(Activity): Lines containing "auto" should be pulled from the material below.

(Dataset records):
lemma AE_V_comp_eq:
  assumes emb: "embedding M M' \<tau>"
  shows "AE x in M \<Otimes>\<^sub>M M. V (map_prod \<tau> \<tau> x) = W (fst x) (snd x)"
proof -
  let ?K = "completion (M \<Otimes>\<^sub>M M)" and ?N = "M' \<Otimes>\<^sub>M M'"
  have \<tau>: "measure_preserving_map M M' \<tau>"
    using M.prob_space_axioms meas_pres by (rule measure_preserving_map_if_meas_pres)
  interpret \<rho>: measure_preserving_map ?K ?N "map_prod \<tau> \<tau>"
    by (intro measure_preserving_map.measure_preserving_map_completion_domain measure_preserving_map_pair \<tau>)
  obtain D :: "'p set" where D: "countable D" "closure D = UNIV" by (rule ex_countable_dense)
  have "AE x in ?K. \<forall>d\<in>D. V (map_prod \<tau> \<tau> x) d = W (fst x) (snd x) d"
  proof (intro AE_ball_countable' D(1) \<rho>.AE_comp_eq_if_set_integral_eq integrable_V)
    show "\<exists>E\<in>sets ?N. AE x in ?K. x \<in> A \<longleftrightarrow> map_prod \<tau> \<tau> x \<in> E" if "A \<in> sets ?K" for A
      using emb that by (rule ex_vimage_AE_eq_if_embedding)
    show "integrable ?K (\<lambda>x. W (fst x) (snd x) d)" for d
      using ZgraphonD(4)[OF Zgraphon] by (intro integrable_blinfun_apply AE_I2) auto
    show "(\<integral>z\<in>E. V z d \<partial>?N) = (\<integral>x\<in>map_prod \<tau> \<tau> -` E \<inter> space ?K. W (fst x) (snd x) d \<partial>?K)"
      if "E \<in> sets ?N" for E d
      using set_integral_V[OF that] by simp
  qed
  then show ?thesis
    unfolding AE_completion_iff
  proof eventually_elim
    case (elim x)
    have "blinfun_apply (V (map_prod \<tau> \<tau> x)) = blinfun_apply (W (fst x) (snd x))"
      using elim by (intro bounded_linear_eq_on_dense[OF D(2)] blinfun.bounded_linear_right) auto
    then show ?case by (simp add: blinfun_apply_inject)
  qed
qed

lemma AE_pushforward_graphon_comp_eq:
  assumes "embedding M M' \<tau>"
  shows "AE z in M \<Otimes>\<^sub>M M. pushforward_graphon (\<tau> (fst z)) (\<tau> (snd z)) = W (fst z) (snd z)"
proof -
  interpret swap: measure_preserving_map "M \<Otimes>\<^sub>M M" "M \<Otimes>\<^sub>M M" prod.swap
    by (intro measure_preserving_map_swap M.finite_measure_axioms)
  note AE_V = AE_V_comp_eq[OF assms]
  with swap.AE_vimage[OF AE_V] AE_space show ?thesis
  proof eventually_elim
    case (elim z)
    then have "W (snd z) (fst z) = W (fst z) (snd z)"
      using ZgraphonD(1)[OF Zgraphon] by (auto simp: space_pair_measure)
    with elim show ?case by (cases z) (simp add: pushforward_graphon_def scaleR_2[symmetric])
  qed
qed

end

theorem mainTheorem5:
  fixes M :: "'a measure" and M' :: "'b measure" and \<tau> :: "'a \<Rightarrow> 'b"
    and W :: "'a \<Rightarrow> 'a \<Rightarrow> ('p::{banach,second_countable_topology} \<Rightarrow>\<^sub>L real)"
  assumes "prob_space M" and "prob_space M'"
    and "meas_pres M M' \<tau>"
    and "Zgraphon M W"
  shows "\<exists>W' :: 'b \<Rightarrow> 'b \<Rightarrow> ('p \<Rightarrow>\<^sub>L real).
           strong_Zgraphon M' W' \<and>
           (\<forall>A1\<in>sets M'. \<forall>A2\<in>sets M'. \<forall>\<phi>.
              set_lebesgue_integral (M' \<Otimes>\<^sub>M M') (A1 \<times> A2)
                 (\<lambda>z. blinfun_apply (W' (fst z) (snd z)) \<phi>)
            = set_lebesgue_integral (completion (M \<Otimes>\<^sub>M M))
                 ((\<tau> -` A1 \<inter> space M) \<times> (\<tau> -` A2 \<inter> space M))
                 (\<lambda>z. blinfun_apply (W (fst z) (snd z)) \<phi>)) \<and>
           (embedding M M' \<tau> \<longrightarrow>
              (AE z in M \<Otimes>\<^sub>M M. W' (\<tau> (fst z)) (\<tau> (snd z)) = W (fst z) (snd z)))"
proof -
  let ?K = "completion (M \<Otimes>\<^sub>M M)" and ?u = "\<lambda>z. norm (W (fst z) (snd z))"
  have \<tau>: "measure_preserving_map M M' \<tau>"
    using assms(1,3) by (rule measure_preserving_map_if_meas_pres)
  interpret \<rho>: measure_preserving_map ?K "M' \<Otimes>\<^sub>M M'" "map_prod \<tau> \<tau>"
    by (intro measure_preserving_map.measure_preserving_map_completion_domain measure_preserving_map_pair \<tau>)
  note W_meas = ZgraphonD(2)[OF assms(4)] and norm_W_powr = ZgraphonD(3)[OF assms(4)]
    and norm_W = ZgraphonD(4)[OF assms(4)]
  obtain V :: "'b \<times> 'b \<Rightarrow> 'p \<Rightarrow>\<^sub>L real" where V: "\<And>\<phi>. (\<lambda>z. V z \<phi>) \<in> borel_measurable (M' \<Otimes>\<^sub>M M')"
    "AE z in M' \<Otimes>\<^sub>M M'. norm (V z) \<le> \<rho>.pushforward_density ?u z"
    "\<And>\<phi> E. E \<in> sets (M' \<Otimes>\<^sub>M M') \<Longrightarrow> (\<integral>z\<in>E. V z \<phi> \<partial>(M' \<Otimes>\<^sub>M M'))
      = (\<integral>x\<in>map_prod \<tau> \<tau> -` E \<inter> space ?K. W (fst x) (snd x) \<phi> \<partial>?K)"
    by (rule \<rho>.ex_pushforward_blinfun[OF W_meas norm_W]) blast+
  interpret Zgraphon_pushforward M M' \<tau> W V "\<rho>.pushforward_density ?u"
  proof (intro Zgraphon_pushforward.intro Zgraphon_pushforward_axioms.intro assms V)
    show "integrable (M' \<Otimes>\<^sub>M M') (\<lambda>z. \<rho>.pushforward_density ?u z powr p)" if p: "1 \<le> p" for p
      using \<rho>.integrable_powr_pushforward_density[of p ?u] p norm_W norm_W_powr by simp
  qed (use V(3) \<rho>.integrable_pushforward_density in simp_all)
  show ?thesis
    by (intro exI[of _ pushforward_graphon] conjI ballI allI impI strong_Zgraphon_pushforward_graphon
        set_integral_pushforward_graphon AE_pushforward_graphon_comp_eq)
qed

end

(Response area):
      using ZgraphonD(4)[OF Zgraphon] by (intro integrable_blinfun_apply AE_I2) auto
      using elim by (intro bounded_linear_eq_on_dense[OF D(2)] blinfun.bounded_linear_right) auto
      using ZgraphonD(1)[OF Zgraphon] by (auto simp: space_pair_measure)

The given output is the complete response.